Segment Start: Task data

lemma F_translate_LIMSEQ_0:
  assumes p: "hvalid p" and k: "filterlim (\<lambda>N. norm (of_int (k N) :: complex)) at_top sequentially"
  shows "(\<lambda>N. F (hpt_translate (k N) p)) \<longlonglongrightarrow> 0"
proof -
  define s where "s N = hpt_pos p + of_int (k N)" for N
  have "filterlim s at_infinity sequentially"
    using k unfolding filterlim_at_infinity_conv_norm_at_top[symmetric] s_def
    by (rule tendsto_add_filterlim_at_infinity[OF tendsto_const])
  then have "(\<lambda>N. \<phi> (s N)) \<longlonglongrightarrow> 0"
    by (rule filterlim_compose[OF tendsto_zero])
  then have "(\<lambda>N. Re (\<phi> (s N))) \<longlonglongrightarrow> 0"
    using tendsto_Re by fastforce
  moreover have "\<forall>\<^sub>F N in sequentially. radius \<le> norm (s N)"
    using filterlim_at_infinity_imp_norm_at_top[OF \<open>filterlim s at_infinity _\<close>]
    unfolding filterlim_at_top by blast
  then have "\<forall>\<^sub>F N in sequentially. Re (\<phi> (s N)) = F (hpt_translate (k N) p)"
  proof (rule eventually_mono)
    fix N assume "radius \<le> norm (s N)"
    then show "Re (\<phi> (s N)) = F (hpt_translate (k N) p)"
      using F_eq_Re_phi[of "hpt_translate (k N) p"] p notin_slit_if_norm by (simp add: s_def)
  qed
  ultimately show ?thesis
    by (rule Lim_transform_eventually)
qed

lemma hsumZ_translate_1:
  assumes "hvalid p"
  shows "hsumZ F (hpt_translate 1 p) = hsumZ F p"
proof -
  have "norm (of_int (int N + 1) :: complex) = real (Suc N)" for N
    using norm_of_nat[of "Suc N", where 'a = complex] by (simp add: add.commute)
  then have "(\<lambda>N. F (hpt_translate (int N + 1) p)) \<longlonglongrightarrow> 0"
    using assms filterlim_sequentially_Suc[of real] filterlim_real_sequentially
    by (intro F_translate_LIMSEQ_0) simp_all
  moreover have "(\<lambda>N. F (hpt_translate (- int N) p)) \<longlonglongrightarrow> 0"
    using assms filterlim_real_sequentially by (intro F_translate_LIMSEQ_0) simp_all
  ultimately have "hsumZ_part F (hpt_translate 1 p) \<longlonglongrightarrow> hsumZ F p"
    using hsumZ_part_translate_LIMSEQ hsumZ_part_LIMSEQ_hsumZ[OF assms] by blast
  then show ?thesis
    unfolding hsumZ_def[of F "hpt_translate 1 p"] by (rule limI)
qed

Segment End: Task data
Segment Start: Task data

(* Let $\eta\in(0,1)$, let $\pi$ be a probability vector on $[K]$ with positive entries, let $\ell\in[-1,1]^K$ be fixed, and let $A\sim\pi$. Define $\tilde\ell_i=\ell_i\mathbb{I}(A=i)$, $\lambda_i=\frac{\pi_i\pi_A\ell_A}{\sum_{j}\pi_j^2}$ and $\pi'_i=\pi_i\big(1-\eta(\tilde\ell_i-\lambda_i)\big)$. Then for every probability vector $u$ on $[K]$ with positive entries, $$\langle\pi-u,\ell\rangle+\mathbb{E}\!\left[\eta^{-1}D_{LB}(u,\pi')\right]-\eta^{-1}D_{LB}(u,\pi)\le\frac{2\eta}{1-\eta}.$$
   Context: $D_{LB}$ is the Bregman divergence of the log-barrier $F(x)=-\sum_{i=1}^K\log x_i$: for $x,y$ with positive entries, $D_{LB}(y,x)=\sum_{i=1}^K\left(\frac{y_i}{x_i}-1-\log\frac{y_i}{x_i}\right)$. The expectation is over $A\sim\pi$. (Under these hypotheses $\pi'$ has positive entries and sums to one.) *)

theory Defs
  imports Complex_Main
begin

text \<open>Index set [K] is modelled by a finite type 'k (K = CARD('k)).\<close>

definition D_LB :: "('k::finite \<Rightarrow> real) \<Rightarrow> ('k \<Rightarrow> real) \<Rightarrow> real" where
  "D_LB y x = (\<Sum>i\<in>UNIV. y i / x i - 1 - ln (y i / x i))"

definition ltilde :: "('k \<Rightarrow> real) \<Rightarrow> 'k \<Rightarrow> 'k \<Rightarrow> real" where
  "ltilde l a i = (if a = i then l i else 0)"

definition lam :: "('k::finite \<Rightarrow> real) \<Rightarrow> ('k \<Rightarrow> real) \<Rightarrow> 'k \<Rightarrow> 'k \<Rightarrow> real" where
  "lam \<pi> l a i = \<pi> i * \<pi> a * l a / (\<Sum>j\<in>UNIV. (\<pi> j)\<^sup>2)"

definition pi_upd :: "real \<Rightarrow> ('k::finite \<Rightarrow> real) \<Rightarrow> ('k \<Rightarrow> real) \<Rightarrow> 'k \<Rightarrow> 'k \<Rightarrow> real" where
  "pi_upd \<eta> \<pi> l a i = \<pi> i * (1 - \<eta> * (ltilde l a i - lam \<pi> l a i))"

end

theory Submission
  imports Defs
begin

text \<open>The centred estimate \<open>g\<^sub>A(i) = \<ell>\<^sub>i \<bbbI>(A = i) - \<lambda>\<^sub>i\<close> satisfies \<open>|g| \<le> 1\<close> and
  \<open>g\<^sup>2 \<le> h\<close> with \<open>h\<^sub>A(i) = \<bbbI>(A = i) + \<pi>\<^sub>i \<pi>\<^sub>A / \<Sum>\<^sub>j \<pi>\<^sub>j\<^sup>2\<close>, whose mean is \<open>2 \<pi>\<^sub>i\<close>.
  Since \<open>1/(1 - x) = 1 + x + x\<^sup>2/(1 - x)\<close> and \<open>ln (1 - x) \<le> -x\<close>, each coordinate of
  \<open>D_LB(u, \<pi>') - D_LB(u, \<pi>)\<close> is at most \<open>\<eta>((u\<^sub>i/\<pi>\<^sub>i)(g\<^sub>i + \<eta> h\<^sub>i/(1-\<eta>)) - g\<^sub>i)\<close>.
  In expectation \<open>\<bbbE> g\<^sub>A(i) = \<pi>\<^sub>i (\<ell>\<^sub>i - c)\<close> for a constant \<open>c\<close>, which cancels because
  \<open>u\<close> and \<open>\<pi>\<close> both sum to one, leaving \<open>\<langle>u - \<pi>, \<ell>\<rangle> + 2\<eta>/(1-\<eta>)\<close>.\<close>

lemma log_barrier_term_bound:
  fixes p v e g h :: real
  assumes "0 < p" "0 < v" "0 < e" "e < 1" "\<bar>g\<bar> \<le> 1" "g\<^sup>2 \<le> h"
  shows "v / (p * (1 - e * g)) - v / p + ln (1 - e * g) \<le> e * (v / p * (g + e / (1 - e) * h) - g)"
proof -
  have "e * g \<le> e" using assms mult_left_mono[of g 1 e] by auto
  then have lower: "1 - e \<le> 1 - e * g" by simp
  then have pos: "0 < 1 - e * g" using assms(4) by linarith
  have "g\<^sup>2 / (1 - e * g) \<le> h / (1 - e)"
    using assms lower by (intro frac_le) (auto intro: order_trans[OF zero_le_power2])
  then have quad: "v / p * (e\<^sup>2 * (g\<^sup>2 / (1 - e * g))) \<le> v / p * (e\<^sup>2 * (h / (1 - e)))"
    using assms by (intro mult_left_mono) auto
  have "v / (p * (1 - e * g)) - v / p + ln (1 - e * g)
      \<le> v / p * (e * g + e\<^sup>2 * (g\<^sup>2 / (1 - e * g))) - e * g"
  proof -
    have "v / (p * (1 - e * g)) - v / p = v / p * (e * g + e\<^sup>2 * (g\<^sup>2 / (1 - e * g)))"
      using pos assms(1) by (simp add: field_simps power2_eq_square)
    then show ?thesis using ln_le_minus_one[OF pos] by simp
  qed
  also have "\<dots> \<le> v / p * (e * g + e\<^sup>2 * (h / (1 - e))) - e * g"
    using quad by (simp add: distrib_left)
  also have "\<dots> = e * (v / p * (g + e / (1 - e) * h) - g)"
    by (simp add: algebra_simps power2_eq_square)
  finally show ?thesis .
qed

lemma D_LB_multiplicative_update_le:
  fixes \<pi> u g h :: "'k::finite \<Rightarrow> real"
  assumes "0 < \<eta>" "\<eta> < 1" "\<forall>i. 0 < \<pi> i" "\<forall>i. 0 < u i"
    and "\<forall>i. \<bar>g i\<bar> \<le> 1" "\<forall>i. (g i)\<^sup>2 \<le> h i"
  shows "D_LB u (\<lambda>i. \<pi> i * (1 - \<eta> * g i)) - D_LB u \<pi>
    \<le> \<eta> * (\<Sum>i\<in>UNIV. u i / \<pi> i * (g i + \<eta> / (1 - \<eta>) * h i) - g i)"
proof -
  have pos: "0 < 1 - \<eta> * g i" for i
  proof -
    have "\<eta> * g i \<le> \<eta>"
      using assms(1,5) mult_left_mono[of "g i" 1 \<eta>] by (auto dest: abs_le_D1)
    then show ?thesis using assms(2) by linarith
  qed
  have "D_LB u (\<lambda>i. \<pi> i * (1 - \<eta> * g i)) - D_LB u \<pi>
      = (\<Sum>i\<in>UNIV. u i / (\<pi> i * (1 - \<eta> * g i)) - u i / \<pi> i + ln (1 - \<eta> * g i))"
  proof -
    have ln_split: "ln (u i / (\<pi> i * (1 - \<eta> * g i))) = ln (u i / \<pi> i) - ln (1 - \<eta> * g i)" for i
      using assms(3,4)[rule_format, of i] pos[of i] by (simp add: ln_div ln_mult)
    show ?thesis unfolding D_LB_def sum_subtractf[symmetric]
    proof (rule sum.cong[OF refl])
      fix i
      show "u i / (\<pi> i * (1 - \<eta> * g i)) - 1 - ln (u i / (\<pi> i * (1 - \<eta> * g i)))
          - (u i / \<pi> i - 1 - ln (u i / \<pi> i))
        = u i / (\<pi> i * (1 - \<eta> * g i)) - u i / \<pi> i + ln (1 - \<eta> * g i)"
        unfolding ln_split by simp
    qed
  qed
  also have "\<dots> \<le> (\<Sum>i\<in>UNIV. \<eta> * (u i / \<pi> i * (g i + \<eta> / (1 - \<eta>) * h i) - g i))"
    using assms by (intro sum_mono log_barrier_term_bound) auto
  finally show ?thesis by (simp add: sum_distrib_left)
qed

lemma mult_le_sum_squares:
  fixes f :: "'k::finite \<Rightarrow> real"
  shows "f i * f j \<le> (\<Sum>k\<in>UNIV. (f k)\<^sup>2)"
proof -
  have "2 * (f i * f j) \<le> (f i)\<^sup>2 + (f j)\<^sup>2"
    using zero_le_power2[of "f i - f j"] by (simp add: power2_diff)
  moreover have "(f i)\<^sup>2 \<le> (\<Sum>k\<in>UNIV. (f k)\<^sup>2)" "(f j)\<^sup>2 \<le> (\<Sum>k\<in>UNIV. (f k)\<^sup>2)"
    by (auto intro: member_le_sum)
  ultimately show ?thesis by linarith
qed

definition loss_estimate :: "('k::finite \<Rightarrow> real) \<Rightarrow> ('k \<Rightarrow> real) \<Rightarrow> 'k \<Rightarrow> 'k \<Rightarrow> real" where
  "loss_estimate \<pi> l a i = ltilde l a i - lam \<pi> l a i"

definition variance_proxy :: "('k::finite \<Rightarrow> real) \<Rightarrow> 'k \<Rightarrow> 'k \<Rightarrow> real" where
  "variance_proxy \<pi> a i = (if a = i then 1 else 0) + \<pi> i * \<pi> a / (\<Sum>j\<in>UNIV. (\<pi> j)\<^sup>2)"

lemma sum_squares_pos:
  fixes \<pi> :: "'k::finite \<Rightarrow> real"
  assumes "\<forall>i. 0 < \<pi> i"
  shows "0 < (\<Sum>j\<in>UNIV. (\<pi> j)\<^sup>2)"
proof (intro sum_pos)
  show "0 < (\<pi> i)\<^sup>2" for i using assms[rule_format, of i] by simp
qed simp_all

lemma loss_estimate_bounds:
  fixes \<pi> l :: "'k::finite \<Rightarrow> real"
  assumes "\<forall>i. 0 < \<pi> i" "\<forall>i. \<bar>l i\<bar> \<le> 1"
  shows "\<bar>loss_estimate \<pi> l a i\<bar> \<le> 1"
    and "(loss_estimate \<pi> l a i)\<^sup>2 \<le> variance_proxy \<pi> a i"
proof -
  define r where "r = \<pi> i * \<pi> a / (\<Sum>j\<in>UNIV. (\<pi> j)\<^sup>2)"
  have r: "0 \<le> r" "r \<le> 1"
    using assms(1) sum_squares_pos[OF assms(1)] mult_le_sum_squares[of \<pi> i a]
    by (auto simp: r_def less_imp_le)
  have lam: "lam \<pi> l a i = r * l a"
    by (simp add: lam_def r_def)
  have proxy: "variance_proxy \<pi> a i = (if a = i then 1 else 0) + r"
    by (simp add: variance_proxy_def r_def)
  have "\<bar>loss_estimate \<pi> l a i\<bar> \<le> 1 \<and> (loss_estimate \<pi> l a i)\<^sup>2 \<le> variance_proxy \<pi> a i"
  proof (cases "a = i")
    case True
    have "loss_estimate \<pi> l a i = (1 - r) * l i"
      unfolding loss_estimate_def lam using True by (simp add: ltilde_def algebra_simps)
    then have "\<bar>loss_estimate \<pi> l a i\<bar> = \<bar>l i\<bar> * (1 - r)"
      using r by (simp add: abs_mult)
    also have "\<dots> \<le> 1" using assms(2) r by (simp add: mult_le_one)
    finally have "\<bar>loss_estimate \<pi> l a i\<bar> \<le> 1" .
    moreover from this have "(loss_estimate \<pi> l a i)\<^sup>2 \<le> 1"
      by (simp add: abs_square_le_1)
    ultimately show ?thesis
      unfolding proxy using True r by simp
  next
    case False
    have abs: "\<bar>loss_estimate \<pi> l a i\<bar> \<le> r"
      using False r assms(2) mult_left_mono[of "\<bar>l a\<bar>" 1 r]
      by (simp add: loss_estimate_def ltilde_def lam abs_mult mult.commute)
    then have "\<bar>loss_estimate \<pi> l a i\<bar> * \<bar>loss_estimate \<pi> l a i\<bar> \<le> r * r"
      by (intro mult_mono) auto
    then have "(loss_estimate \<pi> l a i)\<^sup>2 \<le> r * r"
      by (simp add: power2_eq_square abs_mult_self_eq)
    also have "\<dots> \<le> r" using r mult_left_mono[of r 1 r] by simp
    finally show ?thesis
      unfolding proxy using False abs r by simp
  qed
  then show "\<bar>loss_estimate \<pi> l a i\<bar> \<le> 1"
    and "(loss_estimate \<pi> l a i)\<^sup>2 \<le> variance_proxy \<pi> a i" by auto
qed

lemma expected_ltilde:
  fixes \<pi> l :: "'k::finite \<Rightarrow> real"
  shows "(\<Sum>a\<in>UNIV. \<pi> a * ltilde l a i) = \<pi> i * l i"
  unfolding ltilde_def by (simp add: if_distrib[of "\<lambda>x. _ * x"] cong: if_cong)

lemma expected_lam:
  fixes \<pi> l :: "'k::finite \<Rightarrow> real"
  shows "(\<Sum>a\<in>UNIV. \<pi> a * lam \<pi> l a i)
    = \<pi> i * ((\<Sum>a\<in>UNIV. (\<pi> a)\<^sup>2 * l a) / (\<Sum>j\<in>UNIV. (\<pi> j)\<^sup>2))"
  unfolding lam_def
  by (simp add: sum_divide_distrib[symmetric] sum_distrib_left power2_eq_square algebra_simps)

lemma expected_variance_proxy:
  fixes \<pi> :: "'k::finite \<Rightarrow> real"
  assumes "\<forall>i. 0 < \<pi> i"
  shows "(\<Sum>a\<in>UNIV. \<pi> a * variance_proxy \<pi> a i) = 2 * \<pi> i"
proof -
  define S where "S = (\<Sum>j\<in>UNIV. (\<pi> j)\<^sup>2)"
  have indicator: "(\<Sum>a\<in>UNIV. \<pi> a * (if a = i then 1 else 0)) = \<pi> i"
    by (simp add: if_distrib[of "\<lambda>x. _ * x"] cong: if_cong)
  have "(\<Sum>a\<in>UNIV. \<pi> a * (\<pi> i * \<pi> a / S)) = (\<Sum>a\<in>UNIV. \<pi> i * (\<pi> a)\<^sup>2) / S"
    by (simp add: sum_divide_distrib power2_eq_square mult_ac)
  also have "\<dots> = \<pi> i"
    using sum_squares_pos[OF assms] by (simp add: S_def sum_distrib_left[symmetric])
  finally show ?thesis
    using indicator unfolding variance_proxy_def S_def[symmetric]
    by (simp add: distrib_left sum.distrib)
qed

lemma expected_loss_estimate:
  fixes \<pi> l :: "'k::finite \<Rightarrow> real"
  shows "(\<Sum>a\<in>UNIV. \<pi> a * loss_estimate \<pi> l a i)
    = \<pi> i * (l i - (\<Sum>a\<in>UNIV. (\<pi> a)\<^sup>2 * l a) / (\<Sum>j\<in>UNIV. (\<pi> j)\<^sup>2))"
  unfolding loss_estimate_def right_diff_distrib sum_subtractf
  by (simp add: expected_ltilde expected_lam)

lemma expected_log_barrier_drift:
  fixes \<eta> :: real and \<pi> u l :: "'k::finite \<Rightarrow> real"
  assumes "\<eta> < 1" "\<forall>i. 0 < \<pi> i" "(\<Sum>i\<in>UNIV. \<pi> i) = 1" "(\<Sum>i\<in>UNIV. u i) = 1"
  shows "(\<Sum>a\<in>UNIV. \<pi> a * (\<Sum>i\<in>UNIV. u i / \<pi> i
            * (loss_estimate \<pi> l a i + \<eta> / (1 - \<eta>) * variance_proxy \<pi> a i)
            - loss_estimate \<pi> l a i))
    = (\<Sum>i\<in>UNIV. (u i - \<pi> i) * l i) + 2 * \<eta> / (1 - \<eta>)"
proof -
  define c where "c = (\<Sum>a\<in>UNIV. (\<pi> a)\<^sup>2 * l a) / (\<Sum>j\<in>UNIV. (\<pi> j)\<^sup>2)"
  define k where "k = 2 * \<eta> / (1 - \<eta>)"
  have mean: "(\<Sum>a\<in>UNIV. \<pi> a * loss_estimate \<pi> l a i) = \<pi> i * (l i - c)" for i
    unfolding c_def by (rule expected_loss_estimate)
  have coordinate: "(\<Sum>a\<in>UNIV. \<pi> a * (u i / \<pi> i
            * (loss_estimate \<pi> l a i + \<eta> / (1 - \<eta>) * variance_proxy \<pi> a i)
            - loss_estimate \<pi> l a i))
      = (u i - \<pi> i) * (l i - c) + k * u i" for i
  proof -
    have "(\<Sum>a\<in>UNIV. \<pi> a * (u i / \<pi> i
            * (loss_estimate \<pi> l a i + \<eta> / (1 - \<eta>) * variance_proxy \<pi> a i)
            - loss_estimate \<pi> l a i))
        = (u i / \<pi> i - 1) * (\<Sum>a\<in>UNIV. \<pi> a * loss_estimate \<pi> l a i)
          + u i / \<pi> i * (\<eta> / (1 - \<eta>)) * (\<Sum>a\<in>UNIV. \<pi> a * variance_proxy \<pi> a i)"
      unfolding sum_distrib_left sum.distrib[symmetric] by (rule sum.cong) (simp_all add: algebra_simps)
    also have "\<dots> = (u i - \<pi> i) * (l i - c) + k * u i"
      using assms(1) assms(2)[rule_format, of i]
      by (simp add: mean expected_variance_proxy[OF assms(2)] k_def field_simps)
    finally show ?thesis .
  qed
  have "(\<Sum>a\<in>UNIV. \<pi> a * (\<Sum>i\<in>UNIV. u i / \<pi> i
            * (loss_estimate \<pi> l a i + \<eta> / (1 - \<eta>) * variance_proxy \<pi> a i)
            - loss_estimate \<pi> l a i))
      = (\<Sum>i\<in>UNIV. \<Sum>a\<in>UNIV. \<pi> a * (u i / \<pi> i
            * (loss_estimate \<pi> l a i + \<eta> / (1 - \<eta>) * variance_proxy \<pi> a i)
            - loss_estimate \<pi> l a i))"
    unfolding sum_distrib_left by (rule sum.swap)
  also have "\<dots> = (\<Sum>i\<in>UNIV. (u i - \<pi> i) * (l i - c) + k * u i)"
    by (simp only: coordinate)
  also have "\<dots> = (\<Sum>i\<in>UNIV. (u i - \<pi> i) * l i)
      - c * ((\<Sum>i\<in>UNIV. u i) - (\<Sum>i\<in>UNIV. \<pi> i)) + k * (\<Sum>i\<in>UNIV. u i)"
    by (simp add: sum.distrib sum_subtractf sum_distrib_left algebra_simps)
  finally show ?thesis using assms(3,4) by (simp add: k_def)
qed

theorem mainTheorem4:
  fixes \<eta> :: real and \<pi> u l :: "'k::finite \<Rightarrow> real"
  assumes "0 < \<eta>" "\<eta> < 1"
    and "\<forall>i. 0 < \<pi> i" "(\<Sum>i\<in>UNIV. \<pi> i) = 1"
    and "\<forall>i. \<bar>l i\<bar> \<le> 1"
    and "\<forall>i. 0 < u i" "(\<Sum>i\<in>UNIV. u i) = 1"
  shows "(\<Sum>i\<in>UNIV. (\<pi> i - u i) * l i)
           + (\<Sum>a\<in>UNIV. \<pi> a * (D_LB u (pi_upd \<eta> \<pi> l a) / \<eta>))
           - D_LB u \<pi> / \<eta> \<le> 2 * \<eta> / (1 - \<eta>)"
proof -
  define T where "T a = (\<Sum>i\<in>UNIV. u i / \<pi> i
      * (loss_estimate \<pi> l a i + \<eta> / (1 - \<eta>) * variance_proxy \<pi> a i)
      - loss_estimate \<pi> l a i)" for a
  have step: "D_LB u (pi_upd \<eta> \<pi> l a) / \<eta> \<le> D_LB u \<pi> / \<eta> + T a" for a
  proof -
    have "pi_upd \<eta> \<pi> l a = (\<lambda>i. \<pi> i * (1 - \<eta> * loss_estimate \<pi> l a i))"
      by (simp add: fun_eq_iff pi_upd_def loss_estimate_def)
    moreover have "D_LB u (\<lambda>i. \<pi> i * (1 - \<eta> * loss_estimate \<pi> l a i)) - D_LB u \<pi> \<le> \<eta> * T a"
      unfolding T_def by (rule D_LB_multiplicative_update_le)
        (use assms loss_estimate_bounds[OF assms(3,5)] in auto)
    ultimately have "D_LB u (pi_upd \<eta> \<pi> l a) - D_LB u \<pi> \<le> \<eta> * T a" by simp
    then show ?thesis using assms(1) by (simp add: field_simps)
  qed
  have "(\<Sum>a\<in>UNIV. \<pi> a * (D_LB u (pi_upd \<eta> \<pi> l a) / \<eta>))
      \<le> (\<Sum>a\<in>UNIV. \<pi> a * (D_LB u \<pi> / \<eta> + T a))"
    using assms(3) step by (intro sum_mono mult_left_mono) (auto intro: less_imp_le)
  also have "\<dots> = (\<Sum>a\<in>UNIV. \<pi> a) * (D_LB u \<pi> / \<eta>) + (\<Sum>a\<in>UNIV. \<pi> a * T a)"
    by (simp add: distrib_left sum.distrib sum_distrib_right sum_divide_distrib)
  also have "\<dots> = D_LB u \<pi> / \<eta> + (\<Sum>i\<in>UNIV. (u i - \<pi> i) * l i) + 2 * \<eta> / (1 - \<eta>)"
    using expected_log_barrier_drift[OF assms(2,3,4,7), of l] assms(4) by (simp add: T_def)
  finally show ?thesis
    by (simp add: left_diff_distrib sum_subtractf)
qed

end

Segment End: Task data

Within the listing above, work out the number of lines that hold "radius", and give that number alone.

2